When you have moved into a new home you will more than likely be ready for a little downtime, a pause if you like, before you get down to the business of deciding what goes where and then starting on decorating the place in the way you like.

There is one flaw in this plan and it could be a fairly big one – are all of your pieces of furniture going to actually fit and even if they do, how are you going to be able decorate around everything?

Worry not, here are a few tips to help you.


If you didn’t get the chance to declutter, or you thought that all your stuff would fit into the new home and now it doesn’t, here’s what you should do.

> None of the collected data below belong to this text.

(* Let $K$ be a field and let $f\colon\mathbb Z^k\to K$ be a hypergeometric term on $\mathbb Z^k$ that is a zero divisor. Then for each $\vec v\in\mathbb Z^k$ there exist nonzero polynomials $A_{\vec v},B_{\vec v}\in K[z_1,\dots,z_k]$ such that $A_{\vec v}f=B_{\vec v}f^{\vec v}$ (pointwise on $\mathbb Z^k$), and the rational functions $R_{\vec v}=A_{\vec v}/B_{\vec v}$ satisfy $R_{\vec v}R_{\vec w}^{\vec v}=R_{\vec w}R_{\vec v}^{\vec w}$ for all $\vec v,\vec w\in\mathbb Z^k$.
   Context: For a function or rational function $g$ on $\mathbb Z^k$ and $\vec v\in\mathbb Z^k$, $g^{\vec v}(\vec z)=g(\vec z+\vec v)$. A hypergeometric term on $\mathbb Z^k$ over $K$ is a function $f\colon\mathbb Z^k\to K$ such that for each $i\in\{1,\dots,k\}$ there are nonzero polynomials $A_i,B_i\in K[\vec z]$ with $A_i(\vec z)f(\vec z)=B_i(\vec z)f(\vec z+\vec e_i)$ for all $\vec z\in\mathbb Z^k$. $f$ is a zero divisor if there is a nonzero polynomial $p$ with $p(\vec z)f(\vec z)=0$ for all $\vec z$. *)

theory Defs
  imports Main "HOL-Library.Poly_Mapping"
begin

(* Multivariate polynomials over K in variables z_i, i :: 'n (a finite index type,
  k = CARD('n)), represented as finitely supported maps from exponent vectors
  ('n \<Rightarrow>\<^sub>0 nat) to coefficients. *)

type_synonym ('n, 'a) mpoly = "('n \<Rightarrow>\<^sub>0 nat) \<Rightarrow>\<^sub>0 'a"

definition mono_eval :: "('n::finite \<Rightarrow>\<^sub>0 nat) \<Rightarrow> ('n \<Rightarrow> int) \<Rightarrow> 'a::field" where
  "mono_eval m z = (\<Prod>i\<in>UNIV. (of_int (z i)) ^ Poly_Mapping.lookup m i)"

definition peval :: "('n::finite, 'a::field) mpoly \<Rightarrow> ('n \<Rightarrow> int) \<Rightarrow> 'a" where
  "peval p z = (\<Sum>m\<in>Poly_Mapping.keys p. Poly_Mapping.lookup p m * mono_eval m z)"

definition pVar :: "'n \<Rightarrow> ('n, 'a::field) mpoly" where
  "pVar i = Poly_Mapping.single (Poly_Mapping.single i 1) 1"

definition pConst :: "'a::field \<Rightarrow> ('n, 'a) mpoly" where
  "pConst c = Poly_Mapping.single 0 c"

definition pshift :: "('n::finite, 'a::field) mpoly \<Rightarrow> ('n \<Rightarrow> int) \<Rightarrow> ('n, 'a) mpoly" where
  "pshift p v = (\<Sum>m\<in>Poly_Mapping.keys p. pConst (Poly_Mapping.lookup p m) *
       (\<Prod>i\<in>UNIV. (pVar i + pConst (of_int (v i))) ^ Poly_Mapping.lookup m i))"

definition unitvec :: "'n \<Rightarrow> 'n \<Rightarrow> int" where
  "unitvec i = (\<lambda>j. if j = i then 1 else 0)"

definition vadd :: "('n \<Rightarrow> int) \<Rightarrow> ('n \<Rightarrow> int) \<Rightarrow> 'n \<Rightarrow> int" where
  "vadd z v = (\<lambda>j. z j + v j)"

definition hypergeometric_term :: "(('n::finite \<Rightarrow> int) \<Rightarrow> 'a::field) \<Rightarrow> bool" where
  "hypergeometric_term f \<longleftrightarrow>
     (\<forall>i. \<exists>A B :: ('n, 'a) mpoly. A \<noteq> 0 \<and> B \<noteq> 0 \<and>
        (\<forall>z. peval A z * f z = peval B z * f (vadd z (unitvec i))))"

definition zero_divisor :: "(('n::finite \<Rightarrow> int) \<Rightarrow> 'a::field) \<Rightarrow> bool" where
  "zero_divisor f \<longleftrightarrow> (\<exists>p :: ('n, 'a) mpoly. p \<noteq> 0 \<and> (\<forall>z. peval p z * f z = 0))"

end

theory Submission
  imports Defs
begin

text \<open>If \<open>p \<noteq> 0\<close> annihilates \<open>f\<close>, take \<open>A v = p\<close> and \<open>B v = p(z + v)\<close>: both sides of
  \<open>A v \<cdot> f = B v \<cdot> f(z + v)\<close> vanish identically. Shifting \<open>p\<close> by \<open>v\<close> and then by \<open>w\<close> is
  shifting by \<open>v + w\<close>, so the compatibility condition becomes symmetric in \<open>v\<close> and \<open>w\<close>.\<close>

definition monomial_value :: "('n::finite \<Rightarrow> 'b::comm_ring_1) \<Rightarrow> ('n \<Rightarrow>\<^sub>0 nat) \<Rightarrow> 'b" where
  "monomial_value g m = (\<Prod>i\<in>UNIV. g i ^ Poly_Mapping.lookup m i)"

text \<open>Substituting \<open>g i\<close> for \<open>z\<^sub>i\<close> after mapping the coefficients by \<open>h\<close>;
  \<open>peval\<close> and \<open>pshift\<close> are both instances.\<close>

definition mpoly_eval ::
    "('a::comm_ring_1 \<Rightarrow> 'b::comm_ring_1) \<Rightarrow> ('n::finite \<Rightarrow> 'b) \<Rightarrow> ('n, 'a) mpoly \<Rightarrow> 'b" where
  "mpoly_eval h g p = (\<Sum>m\<in>Poly_Mapping.keys p. h (Poly_Mapping.lookup p m) * monomial_value g m)"

lemma poly_mapping_sum_single_lookup:
  "p = (\<Sum>m\<in>Poly_Mapping.keys p. Poly_Mapping.single m (Poly_Mapping.lookup p m))"
proof -
  have lookup_sum_single: "finite I \<Longrightarrow>
      Poly_Mapping.lookup (\<Sum>m\<in>I. Poly_Mapping.single m (Poly_Mapping.lookup p m)) j =
        (if j \<in> I then Poly_Mapping.lookup p j else 0)" for I j
    by (induction I rule: finite_induct) (auto simp: lookup_single lookup_add when_def)
  show ?thesis
    by (rule poly_mapping_eqI) (simp add: lookup_sum_single in_keys_iff)
qed

lemma monomial_value_add: "monomial_value g (a + b) = monomial_value g a * monomial_value g b"
  by (simp add: monomial_value_def lookup_add power_add prod.distrib)

lemma monomial_value_0: "monomial_value g 0 = 1"
  by (simp add: monomial_value_def)

lemma monomial_value_single_1: "monomial_value g (Poly_Mapping.single i 1) = g i"
  unfolding monomial_value_def
  by (subst prod.remove[of UNIV i]) (auto simp: lookup_single when_def intro!: prod.neutral)

locale coeff_hom =
  fixes h :: "'a::field \<Rightarrow> 'b::comm_ring_1"
  assumes hom_0: "h 0 = 0" and hom_1: "h 1 = 1"
    and hom_add: "h (x + y) = h x + h y" and hom_mult: "h (x * y) = h x * h y"
begin

lemma mpoly_eval_keys_superset:
  assumes "finite S" "Poly_Mapping.keys p \<subseteq> S"
  shows "mpoly_eval h g p = (\<Sum>m\<in>S. h (Poly_Mapping.lookup p m) * monomial_value g m)"
  unfolding mpoly_eval_def
  by (rule sum.mono_neutral_left) (use assms in \<open>auto simp: hom_0 in_keys_iff\<close>)

lemma mpoly_eval_0: "mpoly_eval h g 0 = 0"
  by (simp add: mpoly_eval_def)

lemma mpoly_eval_add: "mpoly_eval h g (p + q) = mpoly_eval h g p + mpoly_eval h g q"
proof -
  let ?S = "Poly_Mapping.keys p \<union> Poly_Mapping.keys q \<union> Poly_Mapping.keys (p + q)"
  have "finite ?S" "Poly_Mapping.keys p \<subseteq> ?S" "Poly_Mapping.keys q \<subseteq> ?S"
    "Poly_Mapping.keys (p + q) \<subseteq> ?S"
    by auto
  then show ?thesis
    using mpoly_eval_keys_superset[of ?S p g] mpoly_eval_keys_superset[of ?S q g]
      mpoly_eval_keys_superset[of ?S "p + q" g]
    by (simp add: lookup_add hom_add distrib_right sum.distrib)
qed

lemma mpoly_eval_sum: "mpoly_eval h g (\<Sum>x\<in>A. F x) = (\<Sum>x\<in>A. mpoly_eval h g (F x))"
  by (induction A rule: infinite_finite_induct) (auto simp: mpoly_eval_0 mpoly_eval_add)

lemma mpoly_eval_single: "mpoly_eval h g (Poly_Mapping.single m c) = h c * monomial_value g m"
  using mpoly_eval_keys_superset[of "{m}" "Poly_Mapping.single m c" g] by simp

lemma mpoly_eval_mult: "mpoly_eval h g (p * q) = mpoly_eval h g p * mpoly_eval h g q"
proof -
  have "p * q = (\<Sum>a\<in>Poly_Mapping.keys p. \<Sum>b\<in>Poly_Mapping.keys q.
        Poly_Mapping.single (a + b) (Poly_Mapping.lookup p a * Poly_Mapping.lookup q b))"
    by (subst (1 2) poly_mapping_sum_single_lookup) (simp add: sum_product mult_single)
  then have "mpoly_eval h g (p * q) = (\<Sum>a\<in>Poly_Mapping.keys p. \<Sum>b\<in>Poly_Mapping.keys q.
        h (Poly_Mapping.lookup p a) * monomial_value g a *
        (h (Poly_Mapping.lookup q b) * monomial_value g b))"
    by (simp add: mpoly_eval_sum mpoly_eval_single hom_mult monomial_value_add ac_simps)
  also have "\<dots> = mpoly_eval h g p * mpoly_eval h g q"
    by (simp add: mpoly_eval_def sum_product)
  finally show ?thesis .
qed

lemma mpoly_eval_1: "mpoly_eval h g 1 = 1"
  using mpoly_eval_single[of g 0 1] by (simp add: hom_1 monomial_value_0)

lemma mpoly_eval_power: "mpoly_eval h g (p ^ n) = mpoly_eval h g p ^ n"
  by (induction n) (simp_all add: mpoly_eval_1 mpoly_eval_mult)

lemma mpoly_eval_prod: "mpoly_eval h g (\<Prod>x\<in>A. F x) = (\<Prod>x\<in>A. mpoly_eval h g (F x))"
  by (induction A rule: infinite_finite_induct) (auto simp: mpoly_eval_1 mpoly_eval_mult)

lemma mpoly_eval_pConst: "mpoly_eval h g (pConst c) = h c"
  by (simp add: pConst_def mpoly_eval_single monomial_value_0)

lemma mpoly_eval_pVar: "mpoly_eval h g (pVar i) = g i"
  unfolding pVar_def mpoly_eval_single monomial_value_single_1 hom_1 by simp

lemma mpoly_eval_substitute:
  "mpoly_eval h g (mpoly_eval pConst s p) = mpoly_eval h (\<lambda>i. mpoly_eval h g (s i)) p"
  unfolding mpoly_eval_def[of pConst] monomial_value_def
  by (simp add: mpoly_eval_sum mpoly_eval_mult mpoly_eval_prod mpoly_eval_power mpoly_eval_pConst
      mpoly_eval_def[of h "\<lambda>i. mpoly_eval h g (s i)"] monomial_value_def)

end

interpretation id_coeff_hom: coeff_hom "\<lambda>x::'a::field. x"
  by unfold_locales simp_all

interpretation pConst_coeff_hom: coeff_hom "pConst :: 'a::field \<Rightarrow> ('n, 'a) mpoly"
  by unfold_locales (simp_all add: pConst_def single_add mult_single)

lemma peval_eq_mpoly_eval: "peval p z = mpoly_eval (\<lambda>x. x) (\<lambda>i. of_int (z i)) p"
  by (simp add: peval_def mpoly_eval_def mono_eval_def monomial_value_def)

lemma pshift_eq_mpoly_eval: "pshift p v = mpoly_eval pConst (\<lambda>i. pVar i + pConst (of_int (v i))) p"
  by (simp add: pshift_def mpoly_eval_def monomial_value_def)

lemma peval_pshift: "peval (pshift p v) z = peval p (vadd z v)"
  unfolding peval_eq_mpoly_eval pshift_eq_mpoly_eval id_coeff_hom.mpoly_eval_substitute
  by (simp add: id_coeff_hom.mpoly_eval_add id_coeff_hom.mpoly_eval_pVar
      id_coeff_hom.mpoly_eval_pConst vadd_def)

lemma pshift_pshift: "pshift (pshift p v) w = pshift p (vadd v w)"
  unfolding pshift_eq_mpoly_eval pConst_coeff_hom.mpoly_eval_substitute
  by (simp add: pConst_coeff_hom.mpoly_eval_add pConst_coeff_hom.mpoly_eval_pVar
      pConst_coeff_hom.mpoly_eval_pConst pConst_coeff_hom.hom_add vadd_def add_ac)

lemma mpoly_eval_pConst_pVar: "mpoly_eval pConst pVar p = p"
  for p :: "('n::finite, 'a::field) mpoly"
proof -
  have pVar_power: "(pVar i :: ('n, 'a) mpoly) ^ n = Poly_Mapping.single (Poly_Mapping.single i n) 1"
    for i n
    by (induction n) (simp_all add: pVar_def mult_single single_add[symmetric] add.commute)
  have prod_single: "(\<Prod>i\<in>A. Poly_Mapping.single (F i) (1::'a)) = Poly_Mapping.single (sum F A) 1"
    for A and F :: "'n \<Rightarrow> 'n \<Rightarrow>\<^sub>0 nat"
    by (induction A rule: infinite_finite_induct) (simp_all add: mult_single)
  have sum_single: "(\<Sum>i\<in>UNIV. Poly_Mapping.single i (Poly_Mapping.lookup m i)) = m"
    for m :: "'n \<Rightarrow>\<^sub>0 nat"
    by (rule poly_mapping_eqI) (simp add: lookup_sum lookup_single when_def)
  have "monomial_value pVar m = Poly_Mapping.single m (1::'a)" for m :: "'n \<Rightarrow>\<^sub>0 nat"
    unfolding monomial_value_def pVar_power prod_single sum_single ..
  then show ?thesis
    by (subst (2) poly_mapping_sum_single_lookup)
      (simp add: mpoly_eval_def pConst_def mult_single)
qed

lemma pshift_zero_vector: "pshift p (\<lambda>i. 0) = p"
  using mpoly_eval_pConst_pVar[of p] by (simp add: pshift_eq_mpoly_eval pConst_def)

lemma pshift_eq_0_iff: "pshift p v = 0 \<longleftrightarrow> p = 0"
proof
  assume "pshift p v = 0"
  then have "pshift (pshift p v) (\<lambda>i. - v i) = 0"
    by (simp add: pshift_def)
  then show "p = 0"
    by (simp add: pshift_pshift vadd_def pshift_zero_vector)
qed (simp add: pshift_def)

lemma annihilator_shift_relation:
  assumes "\<And>z. peval p z * f z = 0"
  shows "peval p z * f z = peval (pshift p v) z * f (vadd z v)"
  using assms[of z] assms[of "vadd z v"] by (simp add: peval_pshift del: mult_eq_0_iff)

lemma shift_cocycle:
  "p * pshift p v * pshift p w * pshift (pshift p v) w =
   p * pshift p w * pshift p v * pshift (pshift p w) v"
  by (simp add: pshift_pshift vadd_def add.commute mult_ac)

theorem propositionB8:
  fixes f :: "('n::finite \<Rightarrow> int) \<Rightarrow> 'a::field"
  assumes "hypergeometric_term f" and "zero_divisor f"
  shows "\<exists>A B :: ('n \<Rightarrow> int) \<Rightarrow> ('n, 'a) mpoly.
           (\<forall>v. A v \<noteq> 0 \<and> B v \<noteq> 0 \<and>
                (\<forall>z. peval (A v) z * f z = peval (B v) z * f (vadd z v))) \<and>
           (\<forall>v w. A v * pshift (A w) v * B w * pshift (B v) w =
                  A w * pshift (A v) w * B v * pshift (B w) v)"
proof -
  obtain p :: "('n, 'a) mpoly" where "p \<noteq> 0" and annihilates: "\<And>z. peval p z * f z = 0"
    using assms(2) unfolding zero_divisor_def by blast
  have shift_relation: "\<forall>v. p \<noteq> 0 \<and> pshift p v \<noteq> 0 \<and>
      (\<forall>z. peval p z * f z = peval (pshift p v) z * f (vadd z v))"
    using \<open>p \<noteq> 0\<close> annihilator_shift_relation[OF annihilates] pshift_eq_0_iff by blast
  show ?thesis
    by (rule exI[of _ "\<lambda>v. p"], rule exI[of _ "pshift p"])
      (use shift_relation shift_cocycle[of p] in blast)
qed

end
theorem mainTheorem3:
  fixes I :: "nat \<Rightarrow> nat \<Rightarrow> 'a::division_ring"
    and p q :: "nat \<Rightarrow> nat \<Rightarrow> 'a"
    and a b :: "nat \<Rightarrow> 'a" and n m :: nat
    and \<alpha> \<beta> \<pi> \<eta> :: "nat \<Rightarrow> 'a"
  assumes deg_p: "\<forall>k. has_degree (p k) k"
    and deg_q: "\<forall>k. has_degree (q k) k"
    and biorth: "\<forall>k l. bipair I k (p k) l (q l) = (if k = l then 1 else 0)"
    and a_central: "\<forall>i\<le>n. central (a i)"
    and b_central: "\<forall>j\<le>m. central (b j)"
    and moments: "\<forall>r s. (\<Sum>i\<le>n. a i * I (r + i) s) + (\<Sum>j\<le>m. I r (s + j) * b j) = \<alpha> r * \<beta> s"
    and \<pi>_def: "\<forall>k. \<pi> k = (\<Sum>i\<le>k. p k i * \<alpha> i)"
    and \<eta>_def: "\<forall>k. \<eta> k = (\<Sum>i\<le>k. \<beta> i * q k i)"
    and \<pi>_nz: "\<forall>k. \<pi> k \<noteq> 0"
    and \<eta>_nz: "\<forall>k. \<eta> k \<noteq> 0"
  shows "\<forall>k\<ge>1. \<exists>A B :: nat \<Rightarrow> 'a.
     (\<forall>t. pmult (\<lambda>i. inverse (\<pi> k) * p k i - inverse (\<pi> (k - 1)) * p (k - 1) i)
                  (\<lambda>i. if i \<le> n then a i else 0) t
          = (\<Sum>i\<in>{k - 1 - m..k + n}. A i * p i t))
   \<and> (\<forall>t. pmult (\<lambda>j. if j \<le> m then b j else 0)
                  (\<lambda>i. q k i * inverse (\<eta> k) - q (k - 1) i * inverse (\<eta> (k - 1))) t
          = (\<Sum>i\<in>{k - 1 - n..k + m}. q i t * B i))"
proof (intro allI impI, goal_cases)
  case (1 k)
  interpret biorthonormal I p q
    using deg_p deg_q biorth by unfold_locales blast+
  show ?case
    using p_recurrence[where a=a and b=b and \<alpha>=\<alpha> and \<beta>=\<beta> and n=n and m=m and \<pi>=\<pi> and k=k]
      q_recurrence[where a=a and b=b and \<alpha>=\<alpha> and \<beta>=\<beta> and n=n and m=m and \<eta>=\<eta> and k=k]
      a_central b_central moments \<pi>_def \<eta>_def \<pi>_nz \<eta>_nz 1 by blast
qed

Start with the most little-used items first, things like books, magazine collections from years ago, and old children’s toys. If you’re keeping the kids toys out of sentimentality ask yourself this – do the kids even know their toys are still there, taking up space? Same with the books and magazine collections, dvds, computer games, never used appliances; anything that hasn’t been used for over a year should go either in the trash or donated to charity. You can sell online or have a yard sale to make some money.

Move onto the kitchen. You’ll be amazed at how many out-of-date cans, half empty packets, and jars of food have been hiding in the back of your kitchen cabinets. Throw them out! Then organize what’s left into storage containers for countertops or place inside cabinets.

Then move onto your closets and sort out clothes, shoes, etc. that have laid unworn for ages,  gathering dust.

Once you’ve sorted out the small things, decide which items of furniture just don’t fit in the new home and add them to the trash, donate or sell pile. Don’t forget to clear out the garage of all those broken gardening tools, old bikes and sports gear while you’re at it – you stand a better chance of actually being able to park the car in the garage then! Whatever is left in there can be hung neatly on the wall for easier access.

If you decide to buy new furniture for the new home or if your old furniture was just too big, you can always look for pieces which are of a classic design that are less likely to be out-dated.


Make room for decorating

The whole point behind all this decluttering is to not only give you more room to move around your new home but also to allow you to get a clearer picture of how you want the place to look — and it frees up space so you can get around to decorate more easily. Try to get the unpacking done asap or if you can’t then put all your unpacked boxes in a spare room.

So how to decorate? Some people when they move to a new home like to decorate the place in exactly the same style with the same colors as their old home and that’s fine. Some prefer to go for a completely new look and that’s fine too. But whatever you decide to do, start right away while the excitement is still fresh. If you don’t, then chances are you will never get around to it.

If major improvements are needed

Any really big jobs like remodeling kitchens, bathrooms or structural improvements should be finished before you move in if possible but smaller, but no less important jobs, like upgrading the lighting or laying new flooring can be done right after you move — but before you decorate.


Choose your colors carefully

Take a little time to decide how you want your décor to look. If you’re looking to completely change the whole house from top to bottom, this is something that shouldn’t be rushed. If you love bold colors but are not sure how lighting will be a factor in your new home then try experimenting with small paint samples on an inconspicous part of the wall. Or choose just one focal wall and contrast the rest of the room in a neutral color.

If cool neutrals are your thing then this is in theory the easiest route to redecorating but it could still be advisable to try color samples first. Then when you have chosen the shades you want it’s easy to accessorize with bolder colors or patterns for your soft furnishings or floor coverings.

Before you start repainting or wallpapering the walls make sure you prepare first. This means filling in any holes and sanding down surfaces. And if you’re painting around plug sockets and wall switches remember to mask around them. This will ensure a professional looking finish.

Imagine you’re selling the house

Real estate agents know all about staging a home for sale and you may have been impressed by the way yours was readied for sale by the stager so why not steal a few ideas from them?

Whenever possible, a stager will always clear out un-needed items from a room to focus on the architectural style of the room; for instance accentuate a great view out the windows. They then create a pallette of neutral colors and subtle accessories to avoid distraction from the home’s main selling points.

Keep this in mind before you begin splashing the paint around. Aim for that ‘model home’ look and vow to keep it looking brand new for as long as you possibly can. You never know – you could even come to love the minimalist look.